Introduction

Coronavirus disease 2019 (COVID-19), caused by the severe acute respiratory syndrome coronavirus 2 (SARS-CoV-2) was reported to induce unprecedented global health challenges following the initial discovery in Wuhan, China, in December 2019 [1]. After rapidly spreading across borders, the World Health Organization (WHO) declared COVID-19 a pandemic on March 11, 2020. As of June 9, 2023, the pandemic has resulted in 767,750,853 confirmed cases and 6,941,095 deaths worldwide, with Indonesia reporting 6,809,377 confirmed cases and 161,811 deaths [2–4]. In response to this crisis, vaccination has been identified as a crucial measure to control the spread of the virus. Indonesia has achieved a vaccination rate of 86.87% for the first dose and 74.53% for the second dose as of the same date, prioritizing vulnerable populations specifically healthcare workers (HCWs) [5, 6].

HCWs are at a heightened risk of contracting COVID-19 due to direct exposure to patients. Therefore, vaccination is not only beneficial for health but also instrumental in maintaining healthcare system functionality by reducing staff shortages and the risk of virus transmission to patients [7–9]. Immunoglobulin G (IgG) plays a crucial role in the humoral immune response to SARS-CoV-2 infection. Through several mechanisms, including pathogen neutralization, opsonization, and complement system activation, IgG antibodies are crucial for identifying and binding to the S1 domain of the spike protein, as measured by enzyme-linked immunosorbent assay (ELISA) in serum or dried blood spot (DBS) samples [10–12].

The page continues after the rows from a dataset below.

(* Assume Hypotheses 1, 2 and 3 (see context), and let $h:K\to\mathbb{R}^n$ be the function with $\Gamma=\{(h(z),z):z\in K\}$. Then $h$ is differentiable at every $z\in K$, and $Dh(z)=H(h(z),z)$ for all $z\in K$.
   Context: System $\dot x=F(x)$ with $F=(f,g)$, i.e. $\dot a=f(a,z)$, $\dot z=g(a,z)$, $(a,z)\in\mathbb{R}^n\times\mathbb{R}^m$, $X=\mathbb{R}^n\times\mathbb{R}^m$, flow $\Phi(t,x)$. Euclidean inner product, norm, operator norm. $\mathcal{L}(x_1,x_2)=\|a_2-a_1\|^2-\|z_2-z_1\|^2$, $\mathcal{C}(x)=\{x'\in X:\mathcal{L}(x',x)\ge0\}$, $\mathbf{0}$ the zero vector of $X$; $\Pi(a,z)=a$, $\Pi_\perp(a,z)=z$; $\mathbb{B}_d(x)=\{(a',z'):\|a'-a\|\le d,\|z'-z\|\le d\}$. $\Gamma\subseteq U$ positively invariant means $\Phi(t,x)$ is defined for all $t\ge0$ for $x\in\Gamma$ and $\Phi(t,\Gamma)\subseteq\Gamma$. Hypothesis 1: $U$ open and convex, and there is $d>0$ with $\mathcal{C}(x)\cap U\subset\mathbb{B}_d(x)$ for all $x\in U$. Hypothesis 2: $f,g$ are $C^1$ on $U$; there exist continuous $\alpha>0$, $\ell\ge0$ on $U$ and $c_1>0$ with, for all $x\in U$: $\langle a',D_af(x)a'\rangle\ge\alpha(x)\|a'\|^2$; $\langle z',D_zg(x)z'\rangle\le\ell(x)\|z'\|^2$; $\alpha(x)\ge\ell(x)+\|D_zf(x)\|+\|D_ag(x)\|+c_1$. Hypothesis 3: $\Gamma\subset U$ is positively invariant and $\Pi_\perp(\Gamma)=\Pi_\perp(U)$. Let $K:=\Pi_\perp(U)$; under these hypotheses $\Gamma$ is the graph of a function $h:K\to\mathbb{R}^n$ with $\|h(z_2)-h(z_1)\|<\|z_2-z_1\|$ for $z_1\ne z_2$. For $x\in\Gamma$, $Q(t,x)$ ($t\ge0$) denotes the fundamental matrix solution of $\dot{\mathbf{x}}=DF(\Phi(t,x))\mathbf{x}$ with $Q(0,x)=I$, and $T(x):=\{\mathbf{x}\in X: \mathcal{L}(Q(t,x)\mathbf{x},\mathbf{0})\le0\text{ for all }t\ge0\}$. Under these hypotheses each $T(x)$ is the graph of a unique linear map $H(x):\mathbb{R}^m\to\mathbb{R}^n$, i.e. $T(x)=\{(H(x)\mathbf{z},\mathbf{z}):\mathbf{z}\in\mathbb{R}^m\}$. *)

theory Defs
  imports "HOL-Analysis.Analysis"
begin

definition Lfun :: "('a::real_normed_vector \<times> 'b::real_normed_vector) \<Rightarrow> ('a \<times> 'b) \<Rightarrow> real" where
  "Lfun x1 x2 = (norm (fst x2 - fst x1))^2 - (norm (snd x2 - snd x1))^2"

definition Ccone :: "('a::real_normed_vector \<times> 'b::real_normed_vector) \<Rightarrow> ('a \<times> 'b) set" where
  "Ccone x = {x'. Lfun x' x \<ge> 0}"

definition Bbox :: "real \<Rightarrow> ('a::real_normed_vector \<times> 'b::real_normed_vector) \<Rightarrow> ('a \<times> 'b) set" where
  "Bbox d x = {x'. norm (fst x' - fst x) \<le> d \<and> norm (snd x' - snd x) \<le> d}"

definition DFapp :: "('a \<times> 'b \<Rightarrow> ('a \<times> 'b) \<Rightarrow>\<^sub>L 'a) \<Rightarrow> ('a \<times> 'b \<Rightarrow> ('a \<times> 'b) \<Rightarrow>\<^sub>L 'b)
     \<Rightarrow> ('a::real_normed_vector \<times> 'b::real_normed_vector) \<Rightarrow> ('a \<times> 'b) \<Rightarrow> ('a \<times> 'b)" where
  "DFapp f' g' y v = (blinfun_apply (f' y) v, blinfun_apply (g' y) v)"

text \<open>T(x): initial vectors v whose solution Q(t,x)v of the variational equation
  along the flow Phi(t,x) satisfies L(Q(t,x)v, 0) <= 0 for all t >= 0.
  (The solution of this linear ODE with continuous coefficients exists and is unique.)\<close>
definition Tset :: "('a \<times> 'b \<Rightarrow> ('a \<times> 'b) \<Rightarrow>\<^sub>L 'a) \<Rightarrow> ('a \<times> 'b \<Rightarrow> ('a \<times> 'b) \<Rightarrow>\<^sub>L 'b)
     \<Rightarrow> (real \<Rightarrow> ('a::real_normed_vector \<times> 'b::real_normed_vector) \<Rightarrow> ('a \<times> 'b))
     \<Rightarrow> ('a \<times> 'b) \<Rightarrow> ('a \<times> 'b) set" where
  "Tset f' g' Phi x = {v. \<forall>w. (w 0 = v \<and>
       (\<forall>t\<ge>0. (w has_vector_derivative DFapp f' g' (Phi t x) (w t)) (at t within {0..})))
       \<longrightarrow> (\<forall>t\<ge>0. Lfun (w t) 0 \<le> 0)}"

definition Hmap :: "('a \<times> 'b \<Rightarrow> ('a \<times> 'b) \<Rightarrow>\<^sub>L 'a) \<Rightarrow> ('a \<times> 'b \<Rightarrow> ('a \<times> 'b) \<Rightarrow>\<^sub>L 'b)
     \<Rightarrow> (real \<Rightarrow> ('a::real_normed_vector \<times> 'b::real_normed_vector) \<Rightarrow> ('a \<times> 'b))
     \<Rightarrow> ('a \<times> 'b) \<Rightarrow> ('b \<Rightarrow> 'a)" where
  "Hmap f' g' Phi x = (THE H. linear H \<and> Tset f' g' Phi x = {(H z, z) | z. True})"

end

theory Submission
  imports Defs
begin

text \<open>
  Under Hypotheses 1--3 the graph \<open>\<Gamma>\<close> of \<open>h\<close> is invariant
  under the flow, and differences of points of \<open>\<Gamma>\<close> never lie in the cone \<open>L > 0\<close>, so \<open>h\<close> is
  1-Lipschitz.  To show \<open>Dh(z\<^sub>0) = H(h z\<^sub>0, z\<^sub>0)\<close> we use a sequential criterion: every limit \<open>(a, u)\<close> of
  normalised difference quotients of \<open>h\<close> at \<open>z\<^sub>0\<close> is a limit of normalised secants of \<open>\<Gamma>\<close>.  The flow
  maps secants of \<open>\<Gamma>\<close> to secants of \<open>\<Gamma>\<close> and is differentiable with derivative \<open>Q(t, x\<^sub>0)\<close>, so the
  variational orbit of \<open>(a, u)\<close> never enters the cone: \<open>(a, u) \<in> T(x\<^sub>0)\<close>.  Finally \<open>T(x\<^sub>0)\<close> is the
  graph of a linear map \<open>H(x\<^sub>0)\<close>, because the variational flow expands horizontal vectors
  exponentially faster than vectors outside the cone (a dominated splitting).
\<close>

section \<open>Scalar differential inequalities\<close>

text \<open>A function with nonnegative derivative on an interval is nondecreasing; derivatives are
  taken within an arbitrary superset of the interval, as they are for one-sided flows.\<close>
lemma nonneg_deriv_imp_le:
  fixes \<phi> :: "real \<Rightarrow> real"
  assumes ab: "a \<le> b" and S: "{a..b} \<subseteq> S"
    and d: "\<And>t. a \<le> t \<Longrightarrow> t \<le> b \<Longrightarrow> (\<phi> has_real_derivative \<phi>' t) (at t within S)"
    and nn: "\<And>t. a < t \<Longrightarrow> t < b \<Longrightarrow> \<phi>' t \<ge> 0"
  shows "\<phi> a \<le> \<phi> b"
proof (rule DERIV_nonneg_imp_increasing_open[OF ab])
  fix x assume x: "a < x" "x < b"
  have "(\<phi> has_real_derivative \<phi>' x) (at x within {a<..<b})"
    using x S by (intro has_field_derivative_subset[OF d[of x]]) auto
  moreover have "at x within {a<..<b} = at x" by (rule at_within_open) (use x in auto)
  ultimately show "\<exists>y. (\<phi> has_real_derivative y) (at x) \<and> 0 \<le> y" using nn x by auto
next
  show "continuous_on {a..b} \<phi>"
    using d S by (intro DERIV_continuous_on) (auto intro: has_field_derivative_subset)
qed

text \<open>Continuous induction: if a continuous function stays below \<open>c\<close> at every time \<open>s\<close> at which it
  stayed below \<open>c\<close> on the open interval \<open>(a, s)\<close>, then it stays below \<open>c\<close> on all of \<open>[a, b]\<close>.
  (Otherwise the first time at which the level \<open>c\<close> is reached gives a contradiction.)\<close>
lemma continuous_induction:
  fixes \<phi> :: "real \<Rightarrow> real"
  assumes cont: "continuous_on {a..b} \<phi>"
    and step: "\<And>s. a \<le> s \<Longrightarrow> s \<le> b \<Longrightarrow> (\<And>t. a < t \<Longrightarrow> t < s \<Longrightarrow> \<phi> t < c) \<Longrightarrow> \<phi> s < c"
    and s: "a \<le> s" "s \<le> b"
  shows "\<phi> s < c"
proof (rule ccontr)
  assume "\<not> \<phi> s < c"
  define Z where "Z = {r \<in> {a..b}. c \<le> \<phi> r}"
  have "Z \<noteq> {}" using s \<open>\<not> \<phi> s < c\<close> unfolding Z_def by auto
  moreover have "closed Z"
    using continuous_closed_preimage[OF cont closed_atLeastAtMost closed_atLeast, of c]
    unfolding Z_def by (simp add: vimage_def Int_def conj_commute)
  moreover have bdd: "bdd_below Z" unfolding Z_def by (auto intro: bdd_belowI[of _ a])
  ultimately have first: "Inf Z \<in> Z" using closed_contains_Inf by blast
  have "\<phi> t < c" if "a < t" "t < Inf Z" for t
  proof -
    have "t \<notin> Z" using that cInf_lower[OF _ bdd] by force
    then show ?thesis using that first unfolding Z_def by auto
  qed
  then have "\<phi> (Inf Z) < c" using first step unfolding Z_def by auto
  then show False using first unfolding Z_def by auto
qed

Given the limited data, particularly in Indonesia, regarding IgG levels among vaccinated HCWs, assessing SARS-CoV-2 IgG antibodies among HCWs is essential in understanding the durability of humoral immune response post-vaccination and post-pandemic. Therefore, this study aimed to evaluate IgG antibody seroprevalence and the levels after the COVID-19 pandemic in HCWs.

Materials and methods

Equipment and assay process

Subsequently, DBS samples were diluted, and centrifuged, using Tetracore^® FlexImmArray™ SARS-CoV-2 Human IgG Antibody Test enabling the assessment of multi-antigens against spike protein, spike-nucleocapsid conjugate, and nucleocapsid protein. These components were quantified multi-antigen profiling (xMAP) technology by Luminex MAGPIX^® XPON4-CEIVD (Austin, Texas) to determine seroprevalence [14]. Adapted from a recent source by Mazhari et al. [14] and Miesse et al. [13], the examination method is presented in Figure 1.

Display full size

Figure 1. 

Sample collection and IgG analysis workflow. Dried blood samples were collected from the peripheral blood of participants and placed onto protein saver paper. In the laboratory, paper discs were punched out and placed into microtubes. These discs were eluted using buffer. Subsequently, the samples were processed with a fluorescence reporter (anti-human IgG-PE) and antigen protein. The Luminex xMAP technology was used for both qualitative and quantitative analysis of IgG levels. DBS: dried blood spot; IgG: immunoglobulin G; MFI: mean fluorescence intensity; PE: phycoerythrin

Initially, a 6 mm DBS punched from a protein saver paper with concentrated blood is placed into a 1.5 mL tube (Axygen, MCT-150-C), and 500 µL of sample dilution buffer is added. The hole puncher is cleaned after each punching to reduce the potential for cross-contamination. All samples are shaken at 1,200 rotation per minute (rpm) for 30 minutes at room temperature. The samples are then centrifuged for 8 minutes at a speed of 3,000 rpm or 8,000 rpm.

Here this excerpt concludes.